Method 3. This method is invoked using the argument CLUSTAL_DNA=filename or CLUSTAL_AA=filename, where filename can be stdout, and otherwise must have the extension ".tar". It does not generate a tree, but instead generates a CLUSTALW alignment for each clonotype (using either bases or amino acids), with one sequence for each exact subclonotype. This sequence is the concatenation of the per-chain sequences, with the appropriate number of gap (-) characters shown if a chain is missing. As above, we recommend using the COMPLETE option to avoid this happening.

If filename is stdout, then the alignments are printed out after each clonotype picture. Otherwise, a tar file is generated, which if untarred yields one file per clonotype. To avoid confusion, it would be best for filename to have the suffix .tar.
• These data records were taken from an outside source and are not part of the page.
lemma mean_G_eq: "x \<in> X \<Longrightarrow> mean_G x = f' x"
  using f'_eq by (simp add: mean_G_def)

lemma D_nonneg: "D \<ge> 0"
  unfolding D_def by (rule D_omega_nonneg)

lemma gradient_noise_bound_nonneg: "gradient_noise_bound \<ge> 0"
  unfolding gradient_noise_bound_def using D_nonneg mu_pos M2_nonneg by simp

lemma sets_borel_Q: "sets (borel \<Otimes>\<^sub>M Q) = sets (borel \<Otimes>\<^sub>M S)"
  by (intro sets_pair_measure_cong sets_distr refl)

lemma measurable_mean_G: "mean_G \<in> borel_measurable borel"
proof -
  interpret Q: prob_space Q by (rule prob_space_Q)
  have "(\<lambda>(x, s). G x s) \<in> borel_measurable (borel \<Otimes>\<^sub>M Q)"
    using G_measurable measurable_cong_sets[OF sets_borel_Q refl] by blast
  then show ?thesis unfolding mean_G_def by (rule Q.borel_measurable_lebesgue_integral)
qed

lemma measurable_value_noise: "(\<lambda>(x, s). value_noise x s) \<in> borel_measurable (borel \<Otimes>\<^sub>M S)"
proof -
  interpret Q: prob_space Q by (rule prob_space_Q)
  have "(\<lambda>(x, s). g x s) \<in> borel_measurable (borel \<Otimes>\<^sub>M Q)"
    using g_measurable measurable_cong_sets[OF sets_borel_Q refl] by blast
  then have "mean_g \<in> borel_measurable borel"
    unfolding mean_g_def by (rule Q.borel_measurable_lebesgue_integral)
  moreover have "(\<lambda>(x, s). value_noise x s) = (\<lambda>p. (\<lambda>(x, s). g x s) p - mean_g (fst p))"
    by (auto simp: value_noise_def fun_eq_iff)
  ultimately show ?thesis using g_measurable by simp
qed

lemma measurable_neg_value_noise:
  "(\<lambda>(x, s). - value_noise x s) \<in> borel_measurable (borel \<Otimes>\<^sub>M S)"
  using borel_measurable_uminus[OF measurable_value_noise] by (simp add: case_prod_beta')

lemma measurable_centered_G:
  "(\<lambda>p. G (fst p) (snd p) - mean_G (fst p)) \<in> borel_measurable (borel \<Otimes>\<^sub>M S)"
proof -
  have "(\<lambda>p. G (fst p) (snd p) - mean_G (fst p)) = (\<lambda>p. (\<lambda>(x, s). G x s) p - mean_G (fst p))"
    by (auto simp: fun_eq_iff)
  then show ?thesis
    using borel_measurable_diff[OF G_measurable measurable_compose[OF measurable_fst measurable_mean_G]] by simp
qed

lemma measurable_gradient_noise: "(\<lambda>(x, s). gradient_noise x s) \<in> borel_measurable (borel \<Otimes>\<^sub>M S)"
proof -
  have "(\<lambda>(x, s). gradient_noise x s) = (\<lambda>p. - ((G (fst p) (snd p) - mean_G (fst p)) \<bullet> (fst p - x_star)))"
    by (auto simp: gradient_noise_def fun_eq_iff)
  then show ?thesis using measurable_centered_G by simp
qed

lemma sets_good_sample: "{p \<in> space (borel \<Otimes>\<^sub>M S). \<not> good_sample (fst p) (snd p)} \<in> sets (borel \<Otimes>\<^sub>M S)"
proof -
  have "dual_norm nrm \<in> borel_measurable borel"
    by (rule borel_measurable_continuous_onI[OF continuous_on_dual_norm[OF nrm_norm]])
  from measurable_compose[OF measurable_centered_G this]
  show ?thesis unfolding good_sample_def by measurable
qed

lemma measurable_section_Q:
  assumes "(\<lambda>(x, s). \<phi> x s) \<in> borel_measurable (borel \<Otimes>\<^sub>M S)"
  shows "\<phi> x \<in> borel_measurable Q"
proof -
  have "(\<lambda>(x, s). \<phi> x s) \<in> borel_measurable (borel \<Otimes>\<^sub>M Q)"
    using assms measurable_cong_sets[OF sets_borel_Q refl] by blast
  from measurable_Pair2[OF this, of x] show ?thesis by simp
qed

lemma value_noise_mgf:
  assumes x: "x \<in> X"
  shows "(\<integral>\<^sup>+ s. ennreal (exp (l * value_noise x s)) \<partial>Q) \<le> ennreal (exp (l\<^sup>2 * M1\<^sup>2))"
proof (rule subgaussian_nn_mgf[OF prob_space_Q measurable_section_Q[OF measurable_value_noise] _ _ M1_pos])
  interpret Q: prob_space Q by (rule prob_space_Q)
  have gi: "integrable Q (g x)" using g_integrable x by simp
  then show "integrable Q (value_noise x)"
    unfolding value_noise_def[abs_def] by (intro Bochner_Integration.integrable_diff Q.integrable_const)
  show "(\<integral>s. value_noise x s \<partial>Q) = 0"
    unfolding value_noise_def Bochner_Integration.integral_diff[OF gi Q.integrable_const]
    using Q.prob_space by (simp add: mean_g_def)
  show "(\<integral>\<^sup>+ s. ennreal (exp ((value_noise x s)\<^sup>2 / M1\<^sup>2)) \<partial>Q) \<le> ennreal (exp 1)"
    using value_noise_exp_square x unfolding value_noise_def mean_g_eq[OF x] by blast
qed

lemma neg_value_noise_mgf:
  "x \<in> X \<Longrightarrow> (\<integral>\<^sup>+ s. ennreal (exp (l * - value_noise x s)) \<partial>Q) \<le> ennreal (exp (l\<^sup>2 * M1\<^sup>2))"
  using value_noise_mgf[of x "- l"] by simp

lemma nrm_minus_x_star_le: "x \<in> X \<Longrightarrow> nrm (x - x_star) \<le> 2 * D / sqrt \<mu>"
  using is_norm_diff_triangle[OF nrm_norm, of x x_star "prox_argmin 0"]
    is_norm_minus_commute[OF nrm_norm, of "prox_argmin 0" x_star]
    nrm_prox_center_le[of x] nrm_prox_center_le[OF x_star(1)]
  unfolding D_def by linarith

lemma abs_gradient_noise_le:
  assumes x: "x \<in> X" and s: "good_sample x s"
  shows "\<bar>gradient_noise x s\<bar> \<le> gradient_noise_bound"
proof -
  have "\<bar>gradient_noise x s\<bar> \<le> dual_norm nrm (G x s - mean_G x) * nrm (x - x_star)"
    unfolding gradient_noise_def using abs_inner_le_dual_norm[OF nrm_norm] by simp
  also have "\<dots> \<le> M2 * (2 * D / sqrt \<mu>)"
    using s nrm_minus_x_star_le[OF x] is_norm_nonneg[OF nrm_norm] M2_nonneg
    unfolding good_sample_def by (intro mult_mono) auto
  finally show ?thesis unfolding gradient_noise_bound_def by (simp add: mult_ac)
qed

lemma AE_good_sample: "x \<in> X \<Longrightarrow> AE s in Q. good_sample x s"
  using gradient_noise_bounded by (auto simp: good_sample_def mean_G_eq)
We also recommend using MIN_CELLS=... or some other argument to restrict the number of files that would be generated upon untarring.

This method can be used to provide input to another program that will generate a tree.


Method 4. This method is invoked using the argument PHYLIP_DNA=filename or PHYLIP_AA=filename, and is just like method 3, except for the output format.